### To do
When you reach the line containing "permutations." in the data below, begin returning lines exactly as written, and stop once the line containing "c] w \<longleftrightarrow>" has been returned.

### Collected data
= = =

(* $\mathrm{Sort}(\mathrm{SC}_{3\underline{21}})$ is a permutation class.
   Context: $\mathfrak S_n$ is the set of permutations of $\{1,\dots,n\}$. A permutation $\pi$ contains a (classical) permutation $\tau$ if some subsequence of $\pi$ has the same relative order as $\tau$. A permutation class is a set $\Pi$ of permutations such that every permutation contained in some $\pi\in\Pi$ is also in $\Pi$. A vincular pattern is a permutation with some entries underlined; a sequence contains it if it has a subsequence with the same relative order in which entries corresponding to adjacent underlined entries occupy consecutive positions. An occurrence of $3\underline{21}$ is $a_i a_j a_{j+1}$ with $i<j$ and $a_{j+1}<a_j<a_i$. For a pattern $\sigma$, the map $\mathrm{SC}_\sigma$ acts on $\tau$: read entries left to right; when the next entry $x$ is read, if pushing $x$ yields a stack whose entries read top to bottom (stack adjacency = consecutive positions) avoid $\sigma$, push $x$; otherwise pop the top stack entry to the output and repeat. At the end pop all remaining entries; the output is $\mathrm{SC}_\sigma(\tau)$. West's stack-sorting map is $s=\mathrm{SC}_{21}$. $\mathrm{Sort}_n(\mathrm{SC}_\sigma)=\{\tau\in\mathfrak S_n : s(\mathrm{SC}_\sigma(\tau))=12\cdots n\}$ and $\mathrm{Sort}(\mathrm{SC}_\sigma)=\bigcup_{n\ge1}\mathrm{Sort}_n(\mathrm{SC}_\sigma)$. *)

theory Defs
  imports Main "HOL-Library.Sublist"
begin

text \<open>Permutations of {1..n} are represented as lists of naturals (one-line notation).\<close>

definition is_perm :: "nat list \<Rightarrow> bool" where
  "is_perm xs \<longleftrightarrow> distinct xs \<and> set xs = {1..length xs}"

definition perms :: "nat \<Rightarrow> nat list set" where
  "perms n = {xs. length xs = n \<and> is_perm xs}"

definition same_order :: "nat list \<Rightarrow> nat list \<Rightarrow> bool" where
  "same_order xs ys \<longleftrightarrow> length xs = length ys \<and>
     (\<forall>i<length xs. \<forall>j<length xs. (xs ! i < xs ! j) \<longleftrightarrow> (ys ! i < ys ! j))"

definition contains :: "nat list \<Rightarrow> nat list \<Rightarrow> bool" where
  "contains pi tau \<longleftrightarrow> (\<exists>ys. subseq ys pi \<and> same_order ys tau)"

text \<open>Permutation classes. Permutations are nonempty (elements of S_n, n >= 1).\<close>
definition perm_class :: "nat list set \<Rightarrow> bool" where
  "perm_class P \<longleftrightarrow> (\<forall>pi\<in>P. is_perm pi \<and> pi \<noteq> []) \<and>
     (\<forall>pi\<in>P. \<forall>tau. is_perm tau \<and> tau \<noteq> [] \<and> contains pi tau \<longrightarrow> tau \<in> P)"

text \<open>A vincular pattern: a permutation p together with a set A of (0-based) positions i
  such that entries i and i+1 of p are underlined together (must be adjacent).\<close>
type_synonym vpattern = "nat list \<times> nat set"

definition vcontains :: "nat list \<Rightarrow> vpattern \<Rightarrow> bool" where
  "vcontains s sigma \<longleftrightarrow> (\<exists>idx. length idx = length (fst sigma) \<and> sorted_wrt (<) idx \<and>
     (\<forall>k\<in>set idx. k < length s) \<and> same_order (map ((!) s) idx) (fst sigma) \<and>
     (\<forall>i\<in>snd sigma. Suc i < length idx \<longrightarrow> idx ! Suc i = Suc (idx ! i)))"

text \<open>The stack is a list with its top at the head,
  so the list itself reads the stack from top to bottom. Arguments: pattern, remaining input,
  stack, output so far. (Pushing onto the empty stack is always allowed; this agrees with the
  informal rule for every pattern of length at least 2.)\<close>
function sc_run :: "vpattern \<Rightarrow> nat list \<Rightarrow> nat list \<Rightarrow> nat list \<Rightarrow> nat list" where
  "sc_run sigma [] st out = out @ st"
| "sc_run sigma (x # xs) [] out = sc_run sigma xs [x] out"
| "sc_run sigma (x # xs) (y # st) out =
     (if \<not> vcontains (x # y # st) sigma then sc_run sigma xs (x # y # st) out
      else sc_run sigma (x # xs) st (out @ [y]))"
  by pat_completeness auto
termination
  by (relation "measure (\<lambda>(sigma, xs, st, out). 2 * length xs + length st)") auto

definition SC :: "vpattern \<Rightarrow> nat list \<Rightarrow> nat list" where
  "SC sigma tau = sc_run sigma tau [] []"

definition west_s :: "nat list \<Rightarrow> nat list" where
  "west_s = SC ([2, 1], {})"

definition Sort_n :: "vpattern \<Rightarrow> nat \<Rightarrow> nat list set" where
  "Sort_n sigma n = {tau \<in> perms n. west_s (SC sigma tau) = [1..<Suc n]}"

definition Sort :: "vpattern \<Rightarrow> nat list set" where
  "Sort sigma = (\<Union>n\<in>{1..}. Sort_n sigma n)"

text \<open>The vincular pattern 3 underline{21}: entries at positions 1 and 2 (0-based) adjacent.\<close>
definition pat_3_21 :: vpattern where
  "pat_3_21 = ([3, 2, 1], {1})"

end

theory Submission
  imports Defs "HOL-Library.Multiset"
begin

text \<open>
  The sortable permutations are exactly those avoiding 123 and 132. The machine avoiding 3-21
  pops only when the incoming entry is larger than a stack entry lying directly above a smaller
  one. So if the input has no adjacent ascent followed later by a larger entry (the vincular
  pattern 12-3 with 1 and 2 adjacent), the machine merely reverses it; otherwise a forced pop
  puts a 231 into its output. By Knuth's theorem West's map sorts a word iff the word avoids
  231, and 231 in the reverse is 132 in the original. Among 132-avoiding permutations, avoiding
  12-3 is the same as avoiding 123, and avoidance of 123 and 132 passes to contained
  permutations.
\<close>

definition pat_21 :: vpattern where
  "pat_21 = ([2, 1], {})"

definition has_231 :: "nat list \<Rightarrow> bool" where
  "has_231 w \<longleftrightarrow> (\<exists>a b c. subseq [b, c, a] w \<and> a < b \<and> b < c)"

definition has_12_3 :: "nat list \<Rightarrow> bool" where
  "has_12_3 w \<longleftrightarrow> (\<exists>u v x y z. w = u @ [x, y] @ v \<and> z \<in> set v \<and> x < y \<and> y < z)"

text \<open>On lists of distinct entries this is avoidance of both 123 and 132.\<close>
definition avoids_123_132 :: "nat list \<Rightarrow> bool" where
  "avoids_123_132 w \<longleftrightarrow> \<not> (\<exists>a b c. subseq [a, b, c] w \<and> a < b \<and> a < c)"

lemma subseq_Cons_iff_split: "subseq (x # xs) w \<longleftrightarrow> (\<exists>p r. w = p @ x # r \<and> subseq xs r)"
  by (blast dest: list_emb_ConsD)

lemma subseq_pair_iff: "subseq [a, b] w \<longleftrightarrow> (\<exists>p q r. w = p @ a # q @ b # r)"
  unfolding subseq_Cons_iff_split[of a] subseq_singleton_left in_set_conv_decomp by blast

lemma subseq_triple_iff: "subseq [a, b, c] w \<longleftrightarrow> (\<exists>p q r s. w = p @ a # q @ b # r @ c # s)"
  unfolding subseq_Cons_iff_split[of a] subseq_pair_iff by blast

lemma subseq_rev: "subseq xs ys \<Longrightarrow> subseq (rev xs) (rev ys)"
  by (induction rule: list_emb.induct) (auto simp: subseq_rev_drop_many)

lemma sorted_subseq_pair: "sorted w \<Longrightarrow> subseq [b, a] w \<Longrightarrow> b \<le> a"
  by (auto simp: subseq_pair_iff sorted_append)

lemma subseq_triple_nth:
  assumes "subseq [a, b, c] w"
  obtains i j k where "i < j" "j < k" "k < length w" "w ! i = a" "w ! j = b" "w ! k = c"
proof -
  from assms obtain p q r s where w: "w = p @ a # q @ b # r @ c # s"
    by (auto simp: subseq_triple_iff)
  let ?j = "length p + Suc (length q)"
  let ?k = "?j + Suc (length r)"
  have "w ! length p = a" "w ! ?j = b" "w ! ?k = c" "?k < length w"
    by (simp_all add: w nth_append)
  then show thesis
    by (intro that) simp_all
qed

lemma nth_subseq_triple:
  assumes "i < j" "j < k" "k < length w"
  shows "subseq [w ! i, w ! j, w ! k] w"
proof -
  have drop_mono: "subseq ys (drop n w) \<Longrightarrow> m \<le> n \<Longrightarrow> subseq ys (drop m w)" for ys m n
    by (metis append_take_drop_id drop_drop le_add_diff_inverse2 subseq_drop_many)
  have Cons_drop: "subseq ys (drop (Suc n) w) \<Longrightarrow> n < length w \<Longrightarrow> subseq (w ! n # ys) (drop n w)"
    for ys n
    by (simp add: Cons_nth_drop_Suc[symmetric])
  have "subseq [w ! k] (drop k w)"
    using assms by (simp add: Cons_nth_drop_Suc[symmetric])
  then have "subseq [w ! j, w ! k] (drop j w)"
    by (rule Cons_drop[OF drop_mono]) (use assms in simp_all)
  then have "subseq [w ! i, w ! j, w ! k] (drop i w)"
    by (rule Cons_drop[OF drop_mono]) (use assms in simp_all)
  then show ?thesis
    by (metis append_take_drop_id subseq_drop_many)
qed

section \<open>Containment of the two vincular patterns\<close>

lemma vcontains_21_iff_not_sorted: "vcontains s pat_21 \<longleftrightarrow> \<not> sorted s"
proof
  assume "vcontains s pat_21"
  then obtain i j where "i < j" "j < length s" "same_order [s ! i, s ! j] [2, 1]"
    by (auto simp: vcontains_def pat_21_def length_Suc_conv numeral_2_eq_2)
  then show "\<not> sorted s"
    by (auto simp: sorted_iff_nth_mono_less same_order_def All_less_Suc not_le)
next
  assume "\<not> sorted s"
  then obtain i j where ij: "i < j" "j < length s" "s ! j < s ! i"
    by (auto simp: sorted_iff_nth_mono_less not_le)
  then have "same_order [s ! i, s ! j] [2, 1]"
    by (simp add: same_order_def All_less_Suc)
  with ij show "vcontains s pat_21"
    unfolding vcontains_def pat_21_def by (intro exI[of _ "[i, j]"]) auto
qed

lemma vcontains_3_21_nth_iff:
  "vcontains s pat_3_21 \<longleftrightarrow> (\<exists>i j. i < j \<and> Suc j < length s \<and> s ! j < s ! i \<and> s ! Suc j < s ! j)"
proof
  assume "vcontains s pat_3_21"
  then obtain i j k where ijk: "i < j" "j < k" "k < length s" "k = Suc j"
      "same_order [s ! i, s ! j, s ! k] [3, 2, 1]"
    by (auto simp: vcontains_def pat_3_21_def length_Suc_conv numeral_3_eq_3)
  then have "s ! j < s ! i" "s ! k < s ! j"
    by (simp_all add: same_order_def All_less_Suc)
  with ijk show "\<exists>i j. i < j \<and> Suc j < length s \<and> s ! j < s ! i \<and> s ! Suc j < s ! j"
    by blast
next
  assume "\<exists>i j. i < j \<and> Suc j < length s \<and> s ! j < s ! i \<and> s ! Suc j < s ! j"
  then obtain i j where ij: "i < j" "Suc j < length s" "s ! j < s ! i" "s ! Suc j < s ! j"
    by blast
  then have "same_order [s ! i, s ! j, s ! Suc j] [3, 2, 1]"
    by (simp add: same_order_def All_less_Suc)
  with ij show "vcontains s pat_3_21"
    unfolding vcontains_def pat_3_21_def by (intro exI[of _ "[i, j, Suc j]"]) simp
qed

= = =

### Completed exercise
  permutations.
\<close>

definition pat_21 :: vpattern where
  "pat_21 = ([2, 1], {})"

definition has_231 :: "nat list \<Rightarrow> bool" where
  "has_231 w \<longleftrightarrow> (\<exists>a b c. subseq [b, c, a] w \<and> a < b \<and> b < c)"

definition has_12_3 :: "nat list \<Rightarrow> bool" where
  "has_12_3 w \<longleftrightarrow> (\<exists>u v x y z. w = u @ [x, y] @ v \<and> z \<in> set v \<and> x < y \<and> y < z)"

text \<open>On lists of distinct entries this is avoidance of both 123 and 132.\<close>
definition avoids_123_132 :: "nat list \<Rightarrow> bool" where
  "avoids_123_132 w \<longleftrightarrow> \<not> (\<exists>a b c. subseq [a, b, c] w \<and> a < b \<and> a < c)"

lemma subseq_Cons_iff_split: "subseq (x # xs) w \<longleftrightarrow> (\<exists>p r. w = p @ x # r \<and> subseq xs r)"
  by (blast dest: list_emb_ConsD)

lemma subseq_pair_iff: "subseq [a, b] w \<longleftrightarrow> (\<exists>p q r. w = p @ a # q @ b # r)"
  unfolding subseq_Cons_iff_split[of a] subseq_singleton_left in_set_conv_decomp by blast

lemma subseq_triple_iff: "subseq [a, b, c] w \<longleftrightarrow> (\<exists>p q r s. w = p @ a # q @ b # r @ c # s)"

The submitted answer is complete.